PAR YARA BADER, JOURNALISTE, DIRECTRICE DU CENTRE SYRIEN POUR LES MÉDIAS ET LA LIBERTÉ D’EXPRESSION, ÉPOUSE DE MAZEN DARWISH SON FONDATEUR. 10 MARS 2014 À 11:44
(Illustration Stefano Rossetto)
TRIBUNE
Une nouvelle audience doit se tenir aujourd’hui devant la cour antiterroriste de Damas dans le cadre du procès politique et truqué intenté à Mazen, arrêté en février 2012, et à quatre autres membres du Centre syrien pour les médias et la liberté d’expression.
Son nom est Mazen Darwish. Il a un peu moins de quarante ans. Le matin, il se levait le sourire aux lèvres. Il avait alors besoin de deux heures de calme, pendant lesquelles il buvait son café tout en contemplant le ciel. En silence, il récapitulait les différentes tâches qui l’attendaient dans la journée. Je pense qu’il réfléchissait aussi à ce qu’il allait me dire de ces tâches. Bien que je craignisse d’être forcée de révéler des choses qui pouvaient lui nuire si j’étais arrêtée, il y a longtemps que, sans même nous le dire, nous nous étions mis d’accord pour que je sache tout.
Le temps était nuageux et froid ce 16 février 2012. Ce matin-là, des agents des renseignements de l’armée de l’air ont mis à sac les locaux du Centre syrien pour les médias et la liberté d’expression (SCM). Ils ont arrêté Mazen et ceux qui travaillaient avec lui, en raison de leur militantisme pacifique et de leur travail de promotion et de défense des droits de l’homme en Syrie au sein du SCM.

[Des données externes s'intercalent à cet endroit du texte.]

lemma integral_sgn_real:
  fixes \<mu> :: "real measure"
  assumes "prob_space \<mu>" and sets: "sets \<mu> = sets borel"
  shows "(\<integral>t. sgn t \<partial>\<mu>) = measure \<mu> {0<..} - measure \<mu> {..<0}"
proof -
  interpret prob_space \<mu> by fact
  have "(\<lambda>t::real. sgn t) = (\<lambda>t. indicator {0<..} t - indicator {..<0} t)"
    by (auto simp: indicator_def fun_eq_iff)
  then show ?thesis using sets
    by (simp add: Bochner_Integration.integral_diff integrable_indicator emeasure_eq_measure)
qed

lemma symmetric_about_sgn_ge_central_mass:
  fixes \<mu> :: "real measure"
  assumes prob: "prob_space \<mu>" and sets: "sets \<mu> = sets borel" and sym: "symmetric_about \<mu> m"
  shows "\<bar>m\<bar> * measure \<mu> {t. \<bar>t - m\<bar> < \<bar>m\<bar>} \<le> m * (\<integral>t. sgn t \<partial>\<mu>)"
proof -
  interpret prob_space \<mu> by fact
  define B where "B = {t. \<bar>t - m\<bar> < \<bar>m\<bar>}"
  have B: "B \<in> sets \<mu>" unfolding B_def sets by measurable
  note reflect = symmetric_about_measure_reflect[OF sets sym]
  consider "m > 0" | "m = 0" | "m < 0" by linarith
  then show ?thesis
  proof cases
    case 1
    have "(\<lambda>t. 2 * m - t) -` {..<0} = {2 * m<..}" by auto
    then have neg: "measure \<mu> {..<0} = measure \<mu> {2 * m<..}" using reflect[of "{..<0}"] by simp
    have "measure \<mu> B + measure \<mu> {2 * m<..} = measure \<mu> (B \<union> {2 * m<..})"
      using 1 B sets by (intro finite_measure_Union[symmetric]) (auto simp: B_def)
    also have "\<dots> \<le> measure \<mu> {0<..}"
      using 1 sets by (intro finite_measure_mono) (auto simp: B_def)
    finally have "m * measure \<mu> B \<le> m * (measure \<mu> {0<..} - measure \<mu> {..<0})"
      using 1 neg by (intro mult_left_mono) auto
    then show ?thesis using 1 integral_sgn_real[OF prob sets] by (simp add: B_def)
  next
    case 3
    have "(\<lambda>t. 2 * m - t) -` {0<..} = {..<2 * m}" by auto
    then have pos: "measure \<mu> {0<..} = measure \<mu> {..<2 * m}" using reflect[of "{0<..}"] by simp
    have "measure \<mu> B + measure \<mu> {..<2 * m} = measure \<mu> (B \<union> {..<2 * m})"
      using 3 B sets by (intro finite_measure_Union[symmetric]) (auto simp: B_def)
    also have "\<dots> \<le> measure \<mu> {..<0}"
      using 3 sets by (intro finite_measure_mono) (auto simp: B_def)
    finally have "(- m) * measure \<mu> B \<le> (- m) * (measure \<mu> {..<0} - measure \<mu> {0<..})"
      using 3 pos by (intro mult_left_mono) auto
    then show ?thesis using 3 by (simp add: B_def integral_sgn_real[OF prob sets] algebra_simps)
  qed simp
qed

text \<open>The cdf is concave to the right of the mode and convex to its left, so one of the
  two maps x \<mapsto> P(|t - m| \<le> x) = 2 F(m + x) - 1 and x \<mapsto> P(|t - m| < x) = 1 - 2 F(m - x)
  is concave on the positive reals, depending on which side of m the mode lies.\<close>
lemma symmetric_unimodal_central_mass_concave:
  fixes \<mu> :: "real measure"
  assumes "prob_space \<mu>" and sets: "sets \<mu> = sets borel"
    and uni: "unimodal \<mu>" and sym: "symmetric_about \<mu> m"
  obtains \<phi> where "concave_on {0<..} \<phi>"
    and "\<And>x. x > 0 \<Longrightarrow> measure \<mu> {t. \<bar>t - m\<bar> < x} \<le> \<phi> x"
    and "\<And>x. x > 0 \<Longrightarrow> \<phi> x \<le> measure \<mu> {t. \<bar>t - m\<bar> \<le> x}"
proof -
  interpret prob_space \<mu> by fact
  define F where "F = cdf_of \<mu>"
  have F: "F t = measure \<mu> {..t}" for t by (simp add: F_def cdf_of_def)
  have space: "space \<mu> = UNIV" using sets_eq_imp_space_eq[OF sets] by simp
  note reflect = symmetric_about_measure_reflect[OF sets sym]
  obtain c where cvx: "convex_on {..<c} F" and ccv: "concave_on {c<..} F"
    using uni unfolding unimodal_def F_def by blast
  have mono: "measure \<mu> {t. \<bar>t - m\<bar> < x} \<le> measure \<mu> {t. \<bar>t - m\<bar> \<le> x}" for x
    using sets by (intro finite_measure_mono) auto
  show thesis
  proof (cases "c \<le> m")
    case True
    have "concave_on {0<..} (\<lambda>x. 2 * F (m + 1 * x) - 1)"
      using True by (intro concave_on_diff concave_on_cmul concave_on_comp_affine[OF ccv])
        (auto simp: convex_on_const)
    moreover have "2 * F (m + 1 * x) - 1 = measure \<mu> {t. \<bar>t - m\<bar> \<le> x}" if "x > 0" for x
    proof -
      have "(\<lambda>t. 2 * m - t) -` {m + x<..} = {..<m - x}" by auto
      then have "measure \<mu> {..<m - x} = measure \<mu> {m + x<..}" using reflect[of "{m + x<..}"] by simp
      also have "\<dots> = 1 - F (m + x)"
        using sets space by (simp add: F prob_compl[symmetric] Compl_eq_Diff_UNIV[symmetric] Compl_atMost)
      finally have "measure \<mu> {..<m - x} = 1 - F (m + x)" .
      moreover have "{t. \<bar>t - m\<bar> \<le> x} = {..m + x} - {..<m - x}" using that by auto
      ultimately show ?thesis
        using that sets by (simp add: F) (subst finite_measure_Diff; auto)
    qed
    ultimately show thesis using mono by (intro that[of "\<lambda>x. 2 * F (m + 1 * x) - 1"]) auto
  next
    case False
    have "concave_on {0<..} (\<lambda>x. 1 - 2 * F (m + (- 1) * x))"
      using False by (intro concave_on_diff convex_on_cmul convex_on_comp_affine[OF cvx])
        (auto simp: concave_on_const)
    moreover have "1 - 2 * F (m + (- 1) * x) = measure \<mu> {t. \<bar>t - m\<bar> < x}" if "x > 0" for x
    proof -
      have "(\<lambda>t. 2 * m - t) -` {..m - x} = {m + x..}" by auto
      then have "measure \<mu> {m + x..} = F (m - x)" using reflect[of "{..m - x}"] by (simp add: F)
      moreover have "{t. \<bar>t - m\<bar> < x} = space \<mu> - ({..m - x} \<union> {m + x..})" using that space by auto
      ultimately show ?thesis
        using that sets by (simp add: F prob_compl) (subst finite_measure_Union; auto)
    qed
    ultimately show thesis using mono by (intro that[of "\<lambda>x. 1 - 2 * F (m + (- 1) * x)"]) auto
  qed
qed

lemma symmetric_unimodal_sgn_bound:
  fixes \<mu> :: "real measure"
  assumes prob: "prob_space \<mu>" and sets: "sets \<mu> = sets borel"
    and uni: "unimodal \<mu>" and sym: "symmetric_about \<mu> m"
    and \<sigma>: "\<sigma> \<ge> 0" and mean: "(\<integral>t. t \<partial>\<mu>) = m"
    and sq: "integrable \<mu> (\<lambda>t. t\<^sup>2)" and var: "(\<integral>t. (t - m)\<^sup>2 \<partial>\<mu>) = \<sigma>\<^sup>2"
  shows "1/3 * sign_progress m \<sigma> \<le> m * (\<integral>t. sgn t \<partial>\<mu>)"
proof (cases "m = 0")
  case True
  then show ?thesis by (simp add: sign_progress_def)
next
  case False
  interpret prob_space \<mu> by fact
  have space: "space \<mu> = UNIV" using sets_eq_imp_space_eq[OF sets] by simp
  have cheb: "1 - \<sigma>\<^sup>2 / x\<^sup>2 \<le> measure \<mu> {t. \<bar>t - m\<bar> < x}" if "x > 0" for x
  proof -
    have "random_variable borel (\<lambda>t::real. t)" by (simp add: measurable_cong_sets[OF sets refl])
    from Chebyshev_inequality[OF this sq that]
    have "measure \<mu> {t. x \<le> \<bar>t - m\<bar>} \<le> \<sigma>\<^sup>2 / x\<^sup>2" using mean var space by simp
    moreover have "{t. \<bar>t - m\<bar> < x} = space \<mu> - {t. x \<le> \<bar>t - m\<bar>}" using space by auto
    ultimately show ?thesis using sets by (simp add: prob_compl)
  qed
  obtain \<phi> where conc: "concave_on {0<..} \<phi>"
    and lower: "\<And>x. x > 0 \<Longrightarrow> measure \<mu> {t. \<bar>t - m\<bar> < x} \<le> \<phi> x"
    and upper: "\<And>x. x > 0 \<Longrightarrow> \<phi> x \<le> measure \<mu> {t. \<bar>t - m\<bar> \<le> x}"
    using symmetric_unimodal_central_mass_concave[OF prob sets uni sym] by blast
  have "1/3 * sign_progress \<bar>m\<bar> \<sigma> \<le> \<bar>m\<bar> * measure \<mu> {t. \<bar>t - m\<bar> < \<bar>m\<bar>}"
  proof (rule concave_mass_function_bound[OF _ \<sigma> conc])
    show "0 \<le> \<phi> x" if "x > 0" for x using lower[OF that] measure_nonneg order_trans by blast
    show "1 - \<sigma>\<^sup>2 / x\<^sup>2 \<le> \<phi> x" if "x > 0" for x using cheb[OF that] lower[OF that] by simp
    show "\<phi> a \<le> measure \<mu> {t. \<bar>t - m\<bar> < \<bar>m\<bar>}" if "0 < a" "a < \<bar>m\<bar>" for a
    proof -
      have "measure \<mu> {t. \<bar>t - m\<bar> \<le> a} \<le> measure \<mu> {t. \<bar>t - m\<bar> < \<bar>m\<bar>}"
        using that sets by (intro finite_measure_mono) auto
      then show ?thesis using upper[OF that(1)] by linarith
    qed
  qed (use False in simp)
  moreover have "sign_progress \<bar>m\<bar> \<sigma> = sign_progress m \<sigma>" by (simp add: sign_progress_def)
  ultimately show ?thesis
    using symmetric_about_sgn_ge_central_mass[OF prob sets sym] by linarith
qed

lemma borel_measurable_vec_nth [measurable]: "(\<lambda>v::real^'n. v $ i) \<in> borel_measurable borel"
  by (intro borel_measurable_continuous_onI continuous_intros)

Pendant neuf longs mois, Mazen a été privé de la contemplation du ciel, de son café matinal et de toutes les petites choses qui faisaient son quotidien. Seul le silence restait. Ce silence, caractéristique de l’abîme de la mort, est rompu toutefois par les cris insupportables des torturés, les prières chuchotées des prisonniers et les histoires sur leurs vies passées.
Mazen, dont la détermination est infaillible, a refusé de capituler face à la mort. Dans les geôles de Bachar où règne un silence assassin, il a aussi refusé de se laisser gagner par la cruauté de ses bourreaux, décidant d’apprendre à lire et à écrire à ses compagnons de misère.
Cela fait maintenant deux ans que le régime syrien retient Mazen prisonnier, empêchant que l’écho d’une voix pacifique ne parvienne aux oreilles du monde. Le régime préfère, en effet, user de la force pour faire taire le peuple.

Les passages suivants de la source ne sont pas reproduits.